I’ve used compressed air to clean both desktop and rackmount server cases. Be careful when shooting compressed air through the fans that don’t damage them. Make sure you remove and clean all the filters if your server case has them. Some of the newer cases have filters that pull out from the bottom in addition to top and rear mounted ones.
Virtualization Helps Server Maintenance
Do you remember the days of the backup server? I spoke with a day trader recently who is still a fan of the backup server, in spite of the extra costs and administration. Thankfully, we live at a time when you can virtualize nearly any server. In fact, you’d be wise to virtualize every server you can. Why? Because it’s so easy to spin up a backup VM today. Consolidating multiple servers running on older hardware by virtualizing them on newer hardware will nearly always result in improved uptime.
I understand that not all servers can be virtualized. Sometimes licensing, performance and hardware issues prevent it. That still leaves a lot of opportunity to virtualize the servers that make sense. For a list of servers you shouldn’t virtualize see this article from Contel Bradford on the Recovery Zone.
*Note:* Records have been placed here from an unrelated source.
text \<open>For \<open>z \<in> W - S\<close> the \<open>T\<close> containing \<open>z\<close> are exactly those containing \<open>adjoin S z\<close>, so
  both counts are Gaussian binomials, with parameters \<open>(c - a, b - a)\<close> and \<open>(c - a - 1, b - a - 1)\<close>.\<close>

lemma card_subspaces_between_containing_le:
  assumes W: "subspace_dim d W c" and S: "subspace_dim d S a" "S \<subseteq> W" and "a \<le> b" "b \<le> c"
  shows "real (card {T \<in> subspaces_between d S W b. z \<in> T - S}) * 2 ^ (c - b)
           \<le> real (card (subspaces_between d S W b))"
proof (cases "z \<in> W - S \<and> a < b")
  case False
  have empty: "{T \<in> subspaces_between d S W b. z \<in> T - S} = {}"
  proof -
    have False if T: "T \<in> subspaces_between d S W b" and z: "z \<in> T - S" for T
    proof -
      have "subspace_dim d T b" "S \<subseteq> T" "T \<subseteq> W"
        using T unfolding subspaces_between_def by auto
      moreover have "a = b" using False z \<open>T \<subseteq> W\<close> \<open>a \<le> b\<close> by auto
      ultimately have "S = T" using subspace_dim_subset_eq[OF S(1)] by simp
      then show False using z by simp
    qed
    then show ?thesis by blast
  qed
  show ?thesis unfolding empty by simp
next
  case True
  have Ss: "is_subspace d S" "card S = 2 ^ a" and Ws: "is_subspace d W"
    using S W unfolding subspace_dim_def by auto
  have "z \<subseteq> {..<d}" using True Ws unfolding is_subspace_def by blast
  then have S': "subspace_dim d (adjoin S z) (Suc a)" "adjoin S z \<subseteq> W"
    using True is_subspace_adjoin[OF Ss(1)] card_adjoin[OF Ss(1)] Ss(2) adjoin_subset[OF Ws S(2)]
    unfolding subspace_dim_def by auto
  have "{T \<in> subspaces_between d S W b. z \<in> T - S} = subspaces_between d (adjoin S z) W b"
    using True adjoin_subset[of d _ S z] mem_adjoin[OF Ss(1), of z] subset_adjoin[of S z]
    unfolding subspaces_between_def subspace_dim_def by auto
  then have "real (card {T \<in> subspaces_between d S W b. z \<in> T - S})
      = gbinom2 (c - Suc a) (b - Suc a)"
    using card_subspaces_between[OF S'(1), of W "c - Suc a" "b - Suc a"] W S'(2) True \<open>b \<le> c\<close>
    by simp
  moreover have "real (card (subspaces_between d S W b)) = gbinom2 (Suc (c - Suc a)) (Suc (b - Suc a))"
    using card_subspaces_between[OF S(1), of W "c - a" "b - a"] W S(2) True \<open>b \<le> c\<close>
    by (simp add: Suc_diff_Suc)
  ultimately show ?thesis
    using gbinom2_mult_power_le[of "b - Suc a" "c - Suc a"] True \<open>b \<le> c\<close> by simp
qed

section \<open>Query algorithms and the hybrid argument\<close>

definition sqnorm :: "'s set \<Rightarrow> ('s \<Rightarrow> complex) \<Rightarrow> real" where
  "sqnorm X \<psi> = (\<Sum>x\<in>X. (cmod (\<psi> x))\<^sup>2)"

definition vnorm :: "'s set \<Rightarrow> ('s \<Rightarrow> complex) \<Rightarrow> real" where
  "vnorm X \<psi> = sqrt (sqnorm X \<psi>)"

definition query_mass :: "st set \<Rightarrow> nat set set \<Rightarrow> vec \<Rightarrow> real" where
  "query_mass X D \<psi> = (\<Sum>x\<in>X. if fst x \<in> D then (cmod (\<psi> x))\<^sup>2 else 0)"

lemma sqnorm_nonneg: "0 \<le> sqnorm X \<psi>"
  unfolding sqnorm_def by (simp add: sum_nonneg)

lemma vnorm_nonneg: "0 \<le> vnorm X \<psi>"
  unfolding vnorm_def by (simp add: sqnorm_nonneg)

lemma sqnorm_eq_vnorm_square: "sqnorm X \<psi> = (vnorm X \<psi>)\<^sup>2"
  unfolding vnorm_def by (simp add: sqnorm_nonneg)

lemma query_mass_nonneg: "0 \<le> query_mass X D \<psi>"
  unfolding query_mass_def by (simp add: sum_nonneg)

lemma vnorm_triangle: "vnorm X (\<lambda>x. \<phi> x + \<chi> x) \<le> vnorm X \<phi> + vnorm X \<chi>"
proof -
  have vnorm_L2: "vnorm X \<psi> = L2_set (\<lambda>x. cmod (\<psi> x)) X" for \<psi>
    unfolding vnorm_def sqnorm_def L2_set_def ..
  have "L2_set (\<lambda>x. cmod (\<phi> x + \<chi> x)) X \<le> L2_set (\<lambda>x. cmod (\<phi> x) + cmod (\<chi> x)) X"
    by (rule L2_set_mono) (auto simp: norm_triangle_ineq)
  also have "\<dots> \<le> L2_set (\<lambda>x. cmod (\<phi> x)) X + L2_set (\<lambda>x. cmod (\<chi> x)) X"
    by (rule L2_set_triangle_ineq)
  finally show ?thesis unfolding vnorm_L2 .
qed

lemma vinner_self: "vinner X \<psi> \<psi> = complex_of_real (sqnorm X \<psi>)"
proof -
  have "complex_of_real ((cmod z)\<^sup>2) = cnj z * z" for z
    using complex_norm_square by (simp add: mult.commute)
  then show ?thesis unfolding vinner_def sqnorm_def of_real_sum by simp
qed

lemma sqnorm_apply_mat:
  assumes fin: "finite X" and U: "unitary_on X U"
  shows "sqnorm X (apply_mat X U \<psi>) = sqnorm X \<psi>"
proof -
  have "complex_of_real (sqnorm X (apply_mat X U \<psi>))
      = (\<Sum>x\<in>X. cnj (\<Sum>y\<in>X. U x y * \<psi> y) * (\<Sum>y\<in>X. U x y * \<psi> y))"
    unfolding vinner_self[symmetric] vinner_def apply_mat_def by simp
  also have "\<dots> = (\<Sum>x\<in>X. \<Sum>y\<in>X. \<Sum>y'\<in>X. (cnj (U x y) * U x y') * (cnj (\<psi> y) * \<psi> y'))"
    by (simp add: sum_distrib_left sum_distrib_right mult_ac)
  also have "\<dots> = (\<Sum>y\<in>X. \<Sum>x\<in>X. \<Sum>y'\<in>X. (cnj (U x y) * U x y') * (cnj (\<psi> y) * \<psi> y'))"
    by (rule sum.swap)
  also have "\<dots> = (\<Sum>y\<in>X. \<Sum>y'\<in>X. (\<Sum>x\<in>X. cnj (U x y) * U x y') * (cnj (\<psi> y) * \<psi> y'))"
    by (intro sum.cong refl sum.swap[THEN trans]) (simp add: sum_distrib_right)
  also have "\<dots> = (\<Sum>y\<in>X. \<Sum>y'\<in>X. (if y = y' then cnj (\<psi> y) * \<psi> y' else 0))"
    using U unfolding unitary_on_def by (intro sum.cong refl) simp
  also have "\<dots> = (\<Sum>y\<in>X. cnj (\<psi> y) * \<psi> y)"
    using fin by simp
  also have "\<dots> = complex_of_real (sqnorm X \<psi>)"
    unfolding vinner_self[symmetric] vinner_def ..
  finally show ?thesis by simp
qed

lemma apply_mat_diff:
  "apply_mat X U (\<lambda>x. \<phi> x - \<chi> x) = (\<lambda>x. apply_mat X U \<phi> x - apply_mat X U \<chi> x)"
  unfolding apply_mat_def by (auto simp: sum_subtractf right_diff_distrib)

definition query_shift :: "(nat set \<Rightarrow> nat set) \<Rightarrow> st \<Rightarrow> st" where
  "query_shift orc = (\<lambda>(z, w, a). (z, sdiff w (orc z), a))"

definition oracle_on :: "nat \<Rightarrow> nat \<Rightarrow> (nat set \<Rightarrow> nat set) \<Rightarrow> bool" where
  "oracle_on d m orc \<longleftrightarrow> (\<forall>z\<in>Pow {..<d}. orc z \<subseteq> {..<m})"

lemma apply_oracle_eq: "apply_oracle orc \<psi> x = \<psi> (query_shift orc x)"
  unfolding apply_oracle_def query_shift_def by (simp add: case_prod_beta)

lemma apply_oracle_diff:
  "apply_oracle orc (\<lambda>x. \<phi> x - \<chi> x) = (\<lambda>x. apply_oracle orc \<phi> x - apply_oracle orc \<chi> x)"
  unfolding apply_oracle_eq ..

lemma query_shift_query_shift [simp]: "query_shift orc (query_shift orc x) = x"
  unfolding query_shift_def by (auto simp: sdiff_assoc split: prod.splits)

lemma query_shift_in_space:
  assumes "oracle_on d m orc" "x \<in> space d m k"
  shows "query_shift orc x \<in> space d m k"
proof (cases x)
  case (fields z w a)
  then have "z \<subseteq> {..<d}" "w \<subseteq> {..<m}" "a < k"
    using assms(2) unfolding space_def by auto
  then show ?thesis
    using assms(1) sdiff_subset[of w "{..<m}" "orc z"]
    unfolding fields oracle_on_def space_def query_shift_def by auto
qed

lemma sum_space_query_shift:
  assumes "oracle_on d m orc"
  shows "(\<Sum>x\<in>space d m k. f (query_shift orc x)) = (\<Sum>x\<in>space d m k. f x)"
  by (rule sum.reindex_bij_witness[where i = "query_shift orc" and j = "query_shift orc"])
    (use query_shift_in_space[OF assms] in auto)

lemma sqnorm_apply_oracle:
  "oracle_on d m orc \<Longrightarrow> sqnorm (space d m k) (apply_oracle orc \<psi>) = sqnorm (space d m k) \<psi>"
  unfolding sqnorm_def apply_oracle_eq by (rule sum_space_query_shift)

lemma cmod_diff_square_le: "(cmod (u - v))\<^sup>2 \<le> 2 * (cmod u)\<^sup>2 + 2 * (cmod v)\<^sup>2"
proof -
  have "(cmod (u - v))\<^sup>2 \<le> (cmod u + cmod v)\<^sup>2"
    by (rule power_mono[OF norm_triangle_ineq4 norm_ge_zero])
  also have "\<dots> \<le> 2 * (cmod u)\<^sup>2 + 2 * (cmod v)\<^sup>2"
    using zero_le_power2[of "cmod u - cmod v"] unfolding power2_sum power2_diff by linarith
  finally show ?thesis .
qed

lemma sqnorm_apply_oracle_diff_le:
  assumes o1: "oracle_on d m o1" and o2: "oracle_on d m o2"
    and agree: "\<And>z. z \<subseteq> {..<d} \<Longrightarrow> z \<notin> D \<Longrightarrow> o1 z = o2 z"
  shows "sqnorm (space d m k) (\<lambda>x. apply_oracle o1 \<psi> x - apply_oracle o2 \<psi> x)
           \<le> 4 * query_mass (space d m k) D \<psi>"
proof -
  let ?X = "space d m k"
  let ?g = "\<lambda>y. if fst y \<in> D then (cmod (\<psi> y))\<^sup>2 else 0"
  have pointwise: "(cmod (\<psi> (query_shift o1 x) - \<psi> (query_shift o2 x)))\<^sup>2
      \<le> 2 * ?g (query_shift o1 x) + 2 * ?g (query_shift o2 x)" if x: "x \<in> ?X" for x
  proof (cases "fst x \<in> D")
    case True
    moreover have "fst (query_shift orc x) = fst x" for orc
      unfolding query_shift_def by (simp add: case_prod_beta)
    ultimately show ?thesis using cmod_diff_square_le by simp
  next
    case False
    then have "query_shift o1 x = query_shift o2 x"
      using x agree unfolding space_def query_shift_def by (auto split: prod.splits)
    then show ?thesis by simp
  qed
  have "sqnorm ?X (\<lambda>x. apply_oracle o1 \<psi> x - apply_oracle o2 \<psi> x)
      \<le> (\<Sum>x\<in>?X. 2 * ?g (query_shift o1 x) + 2 * ?g (query_shift o2 x))"
    unfolding sqnorm_def apply_oracle_eq by (rule sum_mono) (rule pointwise)
  also have "\<dots> = 2 * (\<Sum>x\<in>?X. ?g (query_shift o1 x)) + 2 * (\<Sum>x\<in>?X. ?g (query_shift o2 x))"
    by (simp add: sum.distrib sum_distrib_left)
  also have "\<dots> = 4 * query_mass ?X D \<psi>"
    unfolding query_mass_def
    using sum_space_query_shift[OF o1, of ?g] sum_space_query_shift[OF o2, of ?g] by simp
  finally show ?thesis .
qed

lemma run_alg_Nil [simp]: "run_alg X [] orc \<psi> = \<psi>"
  unfolding run_alg_def by simp

lemma run_alg_Cons [simp]:
  "run_alg X (U # Us) orc \<psi> = run_alg X Us orc (apply_mat X U (apply_oracle orc \<psi>))"
  unfolding run_alg_def by simp

lemma finite_space: "finite (space d m k)"
  unfolding space_def by simp

lemma sqnorm_run_alg:
  assumes "oracle_on d m orc" "\<forall>U\<in>set Us. unitary_on (space d m k) U"
  shows "sqnorm (space d m k) (run_alg (space d m k) Us orc \<psi>) = sqnorm (space d m k) \<psi>"
  using assms(2)
  by (induction Us arbitrary: \<psi>)
    (simp_all add: sqnorm_apply_mat[OF finite_space] sqnorm_apply_oracle[OF assms(1)])

text \<open>The hybrid argument: unitaries and queries preserve distances, and in each query the two
  oracles move a state apart by at most twice the root of its query mass on the set \<open>D\<close> where
  they differ.\<close>

lemma vnorm_run_alg_diff_le:
  assumes o1: "oracle_on d m o1" and o2: "oracle_on d m o2"
    and agree: "\<And>z. z \<subseteq> {..<d} \<Longrightarrow> z \<notin> D \<Longrightarrow> o1 z = o2 z"
    and "\<forall>U\<in>set Us. unitary_on (space d m k) U"
  shows "vnorm (space d m k) (\<lambda>x. run_alg (space d m k) Us o1 \<phi> x - run_alg (space d m k) Us o2 \<chi> x)
     \<le> vnorm (space d m k) (\<lambda>x. \<phi> x - \<chi> x)
        + (\<Sum>i<length Us. 2 * sqrt (query_mass (space d m k) D (run_alg (space d m k) (take i Us) o1 \<phi>)))"
  using assms(4)
proof (induction Us arbitrary: \<phi> \<chi>)
  case Nil
  then show ?case by simp
next
  case (Cons U Us)
  let ?X = "space d m k"
  define \<phi>' where "\<phi>' = apply_mat ?X U (apply_oracle o1 \<phi>)"
  define \<chi>' where "\<chi>' = apply_mat ?X U (apply_oracle o2 \<chi>)"
  have U: "unitary_on ?X U" using Cons.prems by simp
  have "vnorm ?X (\<lambda>x. \<phi>' x - \<chi>' x) = vnorm ?X (\<lambda>x. apply_oracle o1 \<phi> x - apply_oracle o2 \<chi> x)"
    unfolding \<phi>'_def \<chi>'_def vnorm_def apply_mat_diff[symmetric]
    using sqnorm_apply_mat[OF finite_space U] by simp
  also have "(\<lambda>x. apply_oracle o1 \<phi> x - apply_oracle o2 \<chi> x)
     = (\<lambda>x. (apply_oracle o1 \<phi> x - apply_oracle o2 \<phi> x) + apply_oracle o2 (\<lambda>x. \<phi> x - \<chi> x) x)"
    unfolding apply_oracle_diff by simp
  also have "vnorm ?X \<dots> \<le> vnorm ?X (\<lambda>x. apply_oracle o1 \<phi> x - apply_oracle o2 \<phi> x)
      + vnorm ?X (apply_oracle o2 (\<lambda>x. \<phi> x - \<chi> x))"
    by (rule vnorm_triangle)
  also have "vnorm ?X (apply_oracle o2 (\<lambda>x. \<phi> x - \<chi> x)) = vnorm ?X (\<lambda>x. \<phi> x - \<chi> x)"
    unfolding vnorm_def using sqnorm_apply_oracle[OF o2] by simp
  also have "vnorm ?X (\<lambda>x. apply_oracle o1 \<phi> x - apply_oracle o2 \<phi> x) \<le> sqrt (4 * query_mass ?X D \<phi>)"
    unfolding vnorm_def using sqnorm_apply_oracle_diff_le[OF o1 o2 agree] real_sqrt_le_mono by blast
  also have "sqrt (4 * query_mass ?X D \<phi>) = 2 * sqrt (query_mass ?X D \<phi>)"
    by (simp add: real_sqrt_mult)
  finally have "vnorm ?X (\<lambda>x. \<phi>' x - \<chi>' x) \<le> 2 * sqrt (query_mass ?X D \<phi>) + vnorm ?X (\<lambda>x. \<phi> x - \<chi> x)"
    by simp
  moreover have "(\<Sum>i<length (U # Us). 2 * sqrt (query_mass ?X D (run_alg ?X (take i (U # Us)) o1 \<phi>)))
     = 2 * sqrt (query_mass ?X D \<phi>) + (\<Sum>i<length Us. 2 * sqrt (query_mass ?X D (run_alg ?X (take i Us) o1 \<phi>')))"
    unfolding \<phi>'_def by (simp add: sum.lessThan_Suc_shift del: sum.lessThan_Suc)
  ultimately show ?case
    using Cons.IH[of \<phi>' \<chi>'] Cons.prems unfolding \<phi>'_def \<chi>'_def by simp
qed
Check Logs for Hardware Errors
Bad components can bring a server to its knees if left unchecked. Hardware errors often show up after POST and after Windows has started all its services. Check the system logs for hardware issues, as a part of your server maintenance strategy. You may find that updating a driver for GPU or RAID card fixes the issue. If the error persists you’ll need to replace the component.
RAID Controllers, like this model from LSI, run very hot
It’s not a bad idea to remove any PCI-E cards or drives you’re not using. Server hardware is built to run 24/7. I don’t see a lot of issues with CPUs, boards, and RAM. Even today’s GPUs tend to run for years without issues. But I see a fair share of power supplies, fans and expansion cards fail over time. RAID cards are notorious for running hot, which shortens their lifespan. It never hurts to keep an eye on system errors as well. But I’ve found that hardware errors, when left unchecked, are far more likely to take a server down.
Verify Your Backups
So you’ve scheduled server backups. Each week you confirm the backup service is running properly. But are you taking the extra time to verify your backups actually work? Verifying the integrity of your backups is often the most overlooked step of a server backup process. How do you do this? Well, you’ll want to run a number of test recoveries until you feel comfortable with your process. Going forward, spot checks may be adequate.
If you’re outsourcing your backups to a cloud provider, you will want to understand how they go about verifying backups. Elements such as the backup location, schedule and recovery times are all critical to maintaining a solid backup plan. You should have a firm understanding of all of these element whether it’s your team or a 3rd party providing the service.
I’ve mentioned this before, but you want to use tested and trusted solutions when your reputation is on the line. Companies such as StorageCraft offer a line of backup solutions that work with all types of servers, including products for Exchange and virtualized environments.
Many factors contribute to keeping your servicers running smoothly and with as little drama as possible. Some of the most simple tips are the ones people most often overlook. One would think that keeping your server off the floor would be obvious. Yet, I still visit companies where one or more servers is running off the floor. Finding the proper home for your server should be task #1.
Do you have any tips for server maintenance?